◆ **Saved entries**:
"""

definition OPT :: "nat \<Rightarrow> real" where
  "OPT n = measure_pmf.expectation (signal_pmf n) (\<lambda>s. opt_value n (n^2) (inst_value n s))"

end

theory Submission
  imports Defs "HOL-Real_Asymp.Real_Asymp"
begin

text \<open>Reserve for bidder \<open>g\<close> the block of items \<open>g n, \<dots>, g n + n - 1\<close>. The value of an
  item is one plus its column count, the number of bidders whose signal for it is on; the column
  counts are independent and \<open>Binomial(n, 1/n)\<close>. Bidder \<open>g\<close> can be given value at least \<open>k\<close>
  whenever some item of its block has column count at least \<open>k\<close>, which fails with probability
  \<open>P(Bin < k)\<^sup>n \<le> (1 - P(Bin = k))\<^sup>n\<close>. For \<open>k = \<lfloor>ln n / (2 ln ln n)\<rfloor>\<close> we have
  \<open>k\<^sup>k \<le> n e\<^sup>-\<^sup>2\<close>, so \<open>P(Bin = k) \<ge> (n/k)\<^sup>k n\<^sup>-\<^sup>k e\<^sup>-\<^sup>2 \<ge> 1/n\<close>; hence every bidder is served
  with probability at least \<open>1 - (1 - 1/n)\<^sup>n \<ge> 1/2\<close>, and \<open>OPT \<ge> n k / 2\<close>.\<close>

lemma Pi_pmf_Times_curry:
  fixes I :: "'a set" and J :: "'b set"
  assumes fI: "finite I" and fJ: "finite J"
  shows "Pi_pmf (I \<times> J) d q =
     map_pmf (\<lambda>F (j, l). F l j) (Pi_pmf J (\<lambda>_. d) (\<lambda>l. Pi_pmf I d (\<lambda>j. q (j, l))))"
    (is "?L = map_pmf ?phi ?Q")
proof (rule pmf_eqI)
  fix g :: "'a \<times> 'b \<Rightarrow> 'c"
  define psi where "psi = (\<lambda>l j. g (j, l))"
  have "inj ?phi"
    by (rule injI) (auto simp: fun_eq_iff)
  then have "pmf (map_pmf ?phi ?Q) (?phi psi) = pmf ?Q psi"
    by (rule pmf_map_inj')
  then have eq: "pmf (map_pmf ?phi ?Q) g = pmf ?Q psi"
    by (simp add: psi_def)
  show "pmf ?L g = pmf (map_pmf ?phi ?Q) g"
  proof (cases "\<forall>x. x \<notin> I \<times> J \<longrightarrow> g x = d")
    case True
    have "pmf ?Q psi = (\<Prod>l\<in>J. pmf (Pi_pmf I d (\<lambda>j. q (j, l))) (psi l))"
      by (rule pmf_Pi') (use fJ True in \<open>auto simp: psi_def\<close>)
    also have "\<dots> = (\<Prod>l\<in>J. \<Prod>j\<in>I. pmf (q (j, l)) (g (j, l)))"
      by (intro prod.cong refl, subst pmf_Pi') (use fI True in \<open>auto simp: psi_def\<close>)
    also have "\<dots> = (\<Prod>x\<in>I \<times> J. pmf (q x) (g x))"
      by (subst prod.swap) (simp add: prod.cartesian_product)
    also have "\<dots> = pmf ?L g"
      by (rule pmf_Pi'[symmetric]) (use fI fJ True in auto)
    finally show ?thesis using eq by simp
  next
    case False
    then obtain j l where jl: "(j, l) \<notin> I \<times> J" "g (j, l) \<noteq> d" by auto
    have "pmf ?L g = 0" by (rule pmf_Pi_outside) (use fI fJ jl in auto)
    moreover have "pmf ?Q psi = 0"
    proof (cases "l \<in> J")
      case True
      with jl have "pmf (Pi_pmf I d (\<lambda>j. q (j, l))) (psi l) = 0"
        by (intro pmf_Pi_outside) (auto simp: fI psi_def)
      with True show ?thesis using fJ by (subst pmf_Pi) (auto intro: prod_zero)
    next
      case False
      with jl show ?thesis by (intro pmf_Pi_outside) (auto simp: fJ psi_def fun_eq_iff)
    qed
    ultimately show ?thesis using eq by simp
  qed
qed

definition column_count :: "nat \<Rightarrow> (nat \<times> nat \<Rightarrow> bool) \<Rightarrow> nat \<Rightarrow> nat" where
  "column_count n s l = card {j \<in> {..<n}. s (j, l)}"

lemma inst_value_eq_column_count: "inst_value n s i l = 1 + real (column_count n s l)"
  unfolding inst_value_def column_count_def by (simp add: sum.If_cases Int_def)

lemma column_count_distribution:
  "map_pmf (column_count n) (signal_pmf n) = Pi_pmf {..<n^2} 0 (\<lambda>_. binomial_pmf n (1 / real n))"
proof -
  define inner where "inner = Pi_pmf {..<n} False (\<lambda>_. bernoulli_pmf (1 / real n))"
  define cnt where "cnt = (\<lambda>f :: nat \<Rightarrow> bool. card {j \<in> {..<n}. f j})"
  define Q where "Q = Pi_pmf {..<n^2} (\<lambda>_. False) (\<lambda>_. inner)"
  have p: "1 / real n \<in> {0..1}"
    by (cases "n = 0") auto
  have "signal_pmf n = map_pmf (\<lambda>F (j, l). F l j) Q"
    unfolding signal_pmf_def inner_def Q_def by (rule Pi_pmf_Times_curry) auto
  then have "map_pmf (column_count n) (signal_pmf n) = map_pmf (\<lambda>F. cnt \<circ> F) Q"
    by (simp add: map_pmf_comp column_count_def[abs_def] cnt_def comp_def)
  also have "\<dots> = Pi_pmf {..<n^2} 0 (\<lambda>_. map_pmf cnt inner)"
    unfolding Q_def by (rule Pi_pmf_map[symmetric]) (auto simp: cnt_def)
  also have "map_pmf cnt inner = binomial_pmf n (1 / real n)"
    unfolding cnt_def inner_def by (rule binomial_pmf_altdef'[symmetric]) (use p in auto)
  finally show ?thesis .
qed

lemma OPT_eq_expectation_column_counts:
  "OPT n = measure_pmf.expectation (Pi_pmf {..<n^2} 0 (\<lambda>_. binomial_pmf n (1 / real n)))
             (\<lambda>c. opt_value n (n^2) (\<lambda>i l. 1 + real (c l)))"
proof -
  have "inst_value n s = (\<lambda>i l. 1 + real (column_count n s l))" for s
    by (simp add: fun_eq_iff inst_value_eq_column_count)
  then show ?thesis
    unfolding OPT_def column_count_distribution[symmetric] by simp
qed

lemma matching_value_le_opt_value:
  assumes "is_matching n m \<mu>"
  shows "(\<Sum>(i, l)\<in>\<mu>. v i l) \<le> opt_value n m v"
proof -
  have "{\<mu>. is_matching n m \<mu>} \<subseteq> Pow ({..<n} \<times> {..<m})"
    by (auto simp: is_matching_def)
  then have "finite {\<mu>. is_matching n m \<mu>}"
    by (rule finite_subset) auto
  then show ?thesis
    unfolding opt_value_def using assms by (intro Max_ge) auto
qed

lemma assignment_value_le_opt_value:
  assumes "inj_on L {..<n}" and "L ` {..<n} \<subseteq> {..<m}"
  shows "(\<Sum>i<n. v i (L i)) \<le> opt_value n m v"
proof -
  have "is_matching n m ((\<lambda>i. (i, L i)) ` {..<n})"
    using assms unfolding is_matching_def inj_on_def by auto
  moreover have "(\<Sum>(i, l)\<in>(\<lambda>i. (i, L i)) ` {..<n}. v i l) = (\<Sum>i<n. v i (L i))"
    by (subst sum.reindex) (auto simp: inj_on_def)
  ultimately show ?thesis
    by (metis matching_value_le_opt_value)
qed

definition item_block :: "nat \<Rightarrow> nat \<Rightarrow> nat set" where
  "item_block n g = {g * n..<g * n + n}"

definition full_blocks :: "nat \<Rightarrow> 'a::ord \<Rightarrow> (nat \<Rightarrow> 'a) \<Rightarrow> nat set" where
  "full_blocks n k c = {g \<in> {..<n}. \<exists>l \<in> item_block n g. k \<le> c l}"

"""

◆ **Activity**: Each entry above should be written again exactly.

◆ **Answer for this exercise**:
definition OPT :: "nat \<Rightarrow> real" where
  "OPT n = measure_pmf.expectation (signal_pmf n) (\<lambda>s. opt_value n (n^2) (inst_value n s))"

end

theory Submission
  imports Defs "HOL-Real_Asymp.Real_Asymp"
begin

text \<open>Reserve for bidder \<open>g\<close> the block of items \<open>g n, \<dots>, g n + n - 1\<close>. The value of an
  item is one plus its column count, the number of bidders whose signal for it is on; the column
  counts are independent and \<open>Binomial(n, 1/n)\<close>. Bidder \<open>g\<close> can be given value at least \<open>k\<close>
  whenever some item of its block has column count at least \<open>k\<close>, which fails with probability
  \<open>P(Bin < k)\<^sup>n \<le> (1 - P(Bin = k))\<^sup>n\<close>. For \<open>k = \<lfloor>ln n / (2 ln ln n)\<rfloor>\<close> we have
  \<open>k\<^sup>k \<le> n e\<^sup>-\<^sup>2\<close>, so \<open>P(Bin = k) \<ge> (n/k)\<^sup>k n\<^sup>-\<^sup>k e\<^sup>-\<^sup>2 \<ge> 1/n\<close>; hence every bidder is served
  with probability at least \<open>1 - (1 - 1/n)\<^sup>n \<ge> 1/2\<close>, and \<open>OPT \<ge> n k / 2\<close>.\<close>

lemma Pi_pmf_Times_curry:
  fixes I :: "'a set" and J :: "'b set"
  assumes fI: "finite I" and fJ: "finite J"
  shows "Pi_pmf (I \<times> J) d q =
     map_pmf (\<lambda>F (j, l). F l j) (Pi_pmf J (\<lambda>_. d) (\<lambda>l. Pi_pmf I d (\<lambda>j. q (j, l))))"
    (is "?L = map_pmf ?phi ?Q")
proof (rule pmf_eqI)
  fix g :: "'a \<times> 'b \<Rightarrow> 'c"
  define psi where "psi = (\<lambda>l j. g (j, l))"
  have "inj ?phi"
    by (rule injI) (auto simp: fun_eq_iff)
  then have "pmf (map_pmf ?phi ?Q) (?phi psi) = pmf ?Q psi"
    by (rule pmf_map_inj')
  then have eq: "pmf (map_pmf ?phi ?Q) g = pmf ?Q psi"
    by (simp add: psi_def)
  show "pmf ?L g = pmf (map_pmf ?phi ?Q) g"
  proof (cases "\<forall>x. x \<notin> I \<times> J \<longrightarrow> g x = d")
    case True
    have "pmf ?Q psi = (\<Prod>l\<in>J. pmf (Pi_pmf I d (\<lambda>j. q (j, l))) (psi l))"
      by (rule pmf_Pi') (use fJ True in \<open>auto simp: psi_def\<close>)
    also have "\<dots> = (\<Prod>l\<in>J. \<Prod>j\<in>I. pmf (q (j, l)) (g (j, l)))"
      by (intro prod.cong refl, subst pmf_Pi') (use fI True in \<open>auto simp: psi_def\<close>)
    also have "\<dots> = (\<Prod>x\<in>I \<times> J. pmf (q x) (g x))"
      by (subst prod.swap) (simp add: prod.cartesian_product)
    also have "\<dots> = pmf ?L g"
      by (rule pmf_Pi'[symmetric]) (use fI fJ True in auto)
    finally show ?thesis using eq by simp
  next
    case False
    then obtain j l where jl: "(j, l) \<notin> I \<times> J" "g (j, l) \<noteq> d" by auto
    have "pmf ?L g = 0" by (rule pmf_Pi_outside) (use fI fJ jl in auto)
    moreover have "pmf ?Q psi = 0"
    proof (cases "l \<in> J")
      case True
      with jl have "pmf (Pi_pmf I d (\<lambda>j. q (j, l))) (psi l) = 0"
        by (intro pmf_Pi_outside) (auto simp: fI psi_def)
      with True show ?thesis using fJ by (subst pmf_Pi) (auto intro: prod_zero)
    next
      case False
      with jl show ?thesis by (intro pmf_Pi_outside) (auto simp: fJ psi_def fun_eq_iff)
    qed
    ultimately show ?thesis using eq by simp
  qed
qed

definition column_count :: "nat \<Rightarrow> (nat \<times> nat \<Rightarrow> bool) \<Rightarrow> nat \<Rightarrow> nat" where
  "column_count n s l = card {j \<in> {..<n}. s (j, l)}"

lemma inst_value_eq_column_count: "inst_value n s i l = 1 + real (column_count n s l)"
  unfolding inst_value_def column_count_def by (simp add: sum.If_cases Int_def)

lemma column_count_distribution:
  "map_pmf (column_count n) (signal_pmf n) = Pi_pmf {..<n^2} 0 (\<lambda>_. binomial_pmf n (1 / real n))"
proof -
  define inner where "inner = Pi_pmf {..<n} False (\<lambda>_. bernoulli_pmf (1 / real n))"
  define cnt where "cnt = (\<lambda>f :: nat \<Rightarrow> bool. card {j \<in> {..<n}. f j})"
  define Q where "Q = Pi_pmf {..<n^2} (\<lambda>_. False) (\<lambda>_. inner)"
  have p: "1 / real n \<in> {0..1}"
    by (cases "n = 0") auto
  have "signal_pmf n = map_pmf (\<lambda>F (j, l). F l j) Q"
    unfolding signal_pmf_def inner_def Q_def by (rule Pi_pmf_Times_curry) auto
  then have "map_pmf (column_count n) (signal_pmf n) = map_pmf (\<lambda>F. cnt \<circ> F) Q"
    by (simp add: map_pmf_comp column_count_def[abs_def] cnt_def comp_def)
  also have "\<dots> = Pi_pmf {..<n^2} 0 (\<lambda>_. map_pmf cnt inner)"
    unfolding Q_def by (rule Pi_pmf_map[symmetric]) (auto simp: cnt_def)
  also have "map_pmf cnt inner = binomial_pmf n (1 / real n)"
    unfolding cnt_def inner_def by (rule binomial_pmf_altdef'[symmetric]) (use p in auto)
  finally show ?thesis .
qed

lemma OPT_eq_expectation_column_counts:
  "OPT n = measure_pmf.expectation (Pi_pmf {..<n^2} 0 (\<lambda>_. binomial_pmf n (1 / real n)))
             (\<lambda>c. opt_value n (n^2) (\<lambda>i l. 1 + real (c l)))"
proof -
  have "inst_value n s = (\<lambda>i l. 1 + real (column_count n s l))" for s
    by (simp add: fun_eq_iff inst_value_eq_column_count)
  then show ?thesis
    unfolding OPT_def column_count_distribution[symmetric] by simp
qed

lemma matching_value_le_opt_value:
  assumes "is_matching n m \<mu>"
  shows "(\<Sum>(i, l)\<in>\<mu>. v i l) \<le> opt_value n m v"
proof -
  have "{\<mu>. is_matching n m \<mu>} \<subseteq> Pow ({..<n} \<times> {..<m})"
    by (auto simp: is_matching_def)
  then have "finite {\<mu>. is_matching n m \<mu>}"
    by (rule finite_subset) auto
  then show ?thesis
    unfolding opt_value_def using assms by (intro Max_ge) auto
qed

lemma assignment_value_le_opt_value:
  assumes "inj_on L {..<n}" and "L ` {..<n} \<subseteq> {..<m}"
  shows "(\<Sum>i<n. v i (L i)) \<le> opt_value n m v"
proof -
  have "is_matching n m ((\<lambda>i. (i, L i)) ` {..<n})"
    using assms unfolding is_matching_def inj_on_def by auto
  moreover have "(\<Sum>(i, l)\<in>(\<lambda>i. (i, L i)) ` {..<n}. v i l) = (\<Sum>i<n. v i (L i))"
    by (subst sum.reindex) (auto simp: inj_on_def)
  ultimately show ?thesis
    by (metis matching_value_le_opt_value)
qed

definition item_block :: "nat \<Rightarrow> nat \<Rightarrow> nat set" where
  "item_block n g = {g * n..<g * n + n}"

definition full_blocks :: "nat \<Rightarrow> 'a::ord \<Rightarrow> (nat \<Rightarrow> 'a) \<Rightarrow> nat set" where
  "full_blocks n k c = {g \<in> {..<n}. \<exists>l \<in> item_block n g. k \<le> c l}"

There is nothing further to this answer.